↓

(* There exists a subset $\mathcal{A}\subseteq\mathbb{Z}$ which is not recursively enumerable but is determinable in finite quotients of $\mathbb{Z}$.
   Context: A subset $A$ of a finitely generated group $G$ is determinable in finite quotients of $G$ if there is an algorithm which, given a surjective homomorphism $\phi$ from $G$ onto a finite group $F$, decides membership in $\phi(A)\subseteq F$. For $G=\mathbb{Z}$ this amounts to an algorithm which, given $n\geq 1$, computes $\mathcal{A}\bmod n=\{r\in\{0,\dots,n-1\}:\exists a\in\mathcal{A},\ a\equiv r\bmod n\}$. *)

theory Defs
  imports Main "HOL-Library.Nat_Bijection"
begin

text \<open>Partial recursive functions (Kleene), as the model of "algorithm".\<close>

datatype recf =
    Zero
  | Succ
  | Proj nat
  | Comp recf "recf list"
  | Prim recf recf
  | Mini recf

inductive eval :: "recf \<Rightarrow> nat list \<Rightarrow> nat \<Rightarrow> bool" where
  eval_Zero: "eval Zero xs 0"
| eval_Succ: "eval Succ (x # xs) (Suc x)"
| eval_Proj: "i < length xs \<Longrightarrow> eval (Proj i) xs (xs ! i)"
| eval_Comp: "list_all2 (\<lambda>g y. eval g xs y) gs ys \<Longrightarrow> eval f ys z \<Longrightarrow> eval (Comp f gs) xs z"
| eval_Prim0: "eval f xs y \<Longrightarrow> eval (Prim f g) (0 # xs) y"
| eval_PrimS: "eval (Prim f g) (n # xs) y \<Longrightarrow> eval g (n # y # xs) z \<Longrightarrow> eval (Prim f g) (Suc n # xs) z"
| eval_Mini: "eval f (n # xs) 0 \<Longrightarrow> (\<forall>m<n. \<exists>y. eval f (m # xs) (Suc y)) \<Longrightarrow> eval (Mini f) xs n"

definition re_nat :: "nat set \<Rightarrow> bool" where
  "re_nat S \<longleftrightarrow> (\<exists>f. \<forall>x. x \<in> S \<longleftrightarrow> (\<exists>y. eval f [x] y))"

definition re_int :: "int set \<Rightarrow> bool" where
  "re_int A \<longleftrightarrow> re_nat (int_encode ` A)"

definition mod_set :: "int set \<Rightarrow> nat \<Rightarrow> nat set" where
  "mod_set A n = {r. r < n \<and> (\<exists>a\<in>A. a mod int n = int r)}"

definition determinable_Z :: "int set \<Rightarrow> bool" where
  "determinable_Z A \<longleftrightarrow> (\<exists>d. \<forall>n r. 1 \<le> n \<longrightarrow> r < n \<longrightarrow>
       eval d [n, r] (if r \<in> mod_set A n then 1 else 0))"

end

theory Submission
  imports Defs "HOL-Library.Countable"
begin

text \<open>Take \<open>A = {x. x < 0} \<union> T\<close> with \<open>T \<subseteq> \<nat>\<close> not recursively enumerable. Every residue class
  modulo \<open>n\<close> contains a negative integer, so \<open>A mod n\<close> is all of \<open>{0..n-1}\<close> and the constant
  function 1 decides it; yet \<open>A\<close> is not r.e., because \<open>T\<close> is chosen by diagonalising against
  an enumeration of all programs, evaluated at the codes of the naturals.\<close>

instance recf :: countable by countable_datatype

lemma re_nat_diagonalization:
  fixes h :: "nat \<Rightarrow> nat"
  shows "\<exists>T. \<forall>S. re_nat S \<longrightarrow> (\<exists>m. h m \<in> S \<longleftrightarrow> m \<notin> T)"
proof
  let ?T = "{m. \<not> (\<exists>y. eval (from_nat m) [h m] y)}"
  show "\<forall>S. re_nat S \<longrightarrow> (\<exists>m. h m \<in> S \<longleftrightarrow> m \<notin> ?T)"
  proof (intro allI impI)
    fix S assume "re_nat S"
    then obtain f where f: "\<And>x. x \<in> S \<longleftrightarrow> (\<exists>y. eval f [x] y)"
      by (auto simp: re_nat_def)
    have "h (to_nat f) \<in> S \<longleftrightarrow> to_nat f \<notin> ?T"
      by (simp add: f)
    then show "\<exists>m. h m \<in> S \<longleftrightarrow> m \<notin> ?T" ..
  qed
qed

lemma mod_set_eq_lessThan:
  assumes "{x. x < 0} \<subseteq> A"
  shows "mod_set A n = {..<n}"
proof -
  have "\<exists>a\<in>A. a mod int n = int r" if "r < n" for r
  proof
    show "int r - int n \<in> A" using that assms by auto
    show "(int r - int n) mod int n = int r" using that
      by (simp add: mod_diff_right_eq[symmetric])
  qed
  then show ?thesis by (auto simp: mod_set_def)
qed

lemma eval_const_one: "eval (Comp Succ [Zero]) xs 1"
proof (rule eval_Comp)
  show "list_all2 (\<lambda>g y. eval g xs y) [Zero] [0]" by (simp add: eval_Zero)
  show "eval Succ [0] 1" using eval_Succ[of 0 "[]"] by simp
qed

lemma determinable_Z_if_mod_set_full:
  assumes "\<And>n. 1 \<le> n \<Longrightarrow> mod_set A n = {..<n}"
  shows "determinable_Z A"
  unfolding determinable_Z_def
  using assms eval_const_one by auto

theorem mainTheorem5:
  shows "\<exists>A :: int set. \<not> re_int A \<and> determinable_Z A"
proof -
  obtain T where T: "\<And>S. re_nat S \<Longrightarrow> \<exists>m. int_encode (int m) \<in> S \<longleftrightarrow> m \<notin> T"
    using re_nat_diagonalization[of "\<lambda>m. int_encode (int m)"] by blast
  define A where "A = {x. x < 0} \<union> int ` T"
  have "int_encode (int m) \<in> int_encode ` A \<longleftrightarrow> m \<in> T" for m
  proof -
    have "int_encode (int m) \<in> int_encode ` A \<longleftrightarrow> int m \<in> A"
      using inj_int_encode by (simp add: inj_image_mem_iff)
    also have "\<dots> \<longleftrightarrow> m \<in> T" by (auto simp: A_def)
    finally show ?thesis .
  qed
  then have "\<not> re_int A"
    unfolding re_int_def using T by blast
  moreover have "determinable_Z A"
    by (rule determinable_Z_if_mod_set_full) (rule mod_set_eq_lessThan, simp add: A_def)
  ultimately show ?thesis by blast
qed

end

↑

## WHAT YOU ARE ASKED TO DO
Please reproduce exactly the lines in the listing above from the one containing "instance recf :: countable" through the one containing "proof (intro allI impI)", both included, and nothing more.

## ANSWER TO THIS EXERCISE
instance recf :: countable by countable_datatype

lemma re_nat_diagonalization:
  fixes h :: "nat \<Rightarrow> nat"
  shows "\<exists>T. \<forall>S. re_nat S \<longrightarrow> (\<exists>m. h m \<in> S \<longleftrightarrow> m \<notin> T)"
proof
  let ?T = "{m. \<not> (\<exists>y. eval (from_nat m) [h m] y)}"
  show "\<forall>S. re_nat S \<longrightarrow> (\<exists>m. h m \<in> S \<longleftrightarrow> m \<notin> ?T)"
  proof (intro allI impI)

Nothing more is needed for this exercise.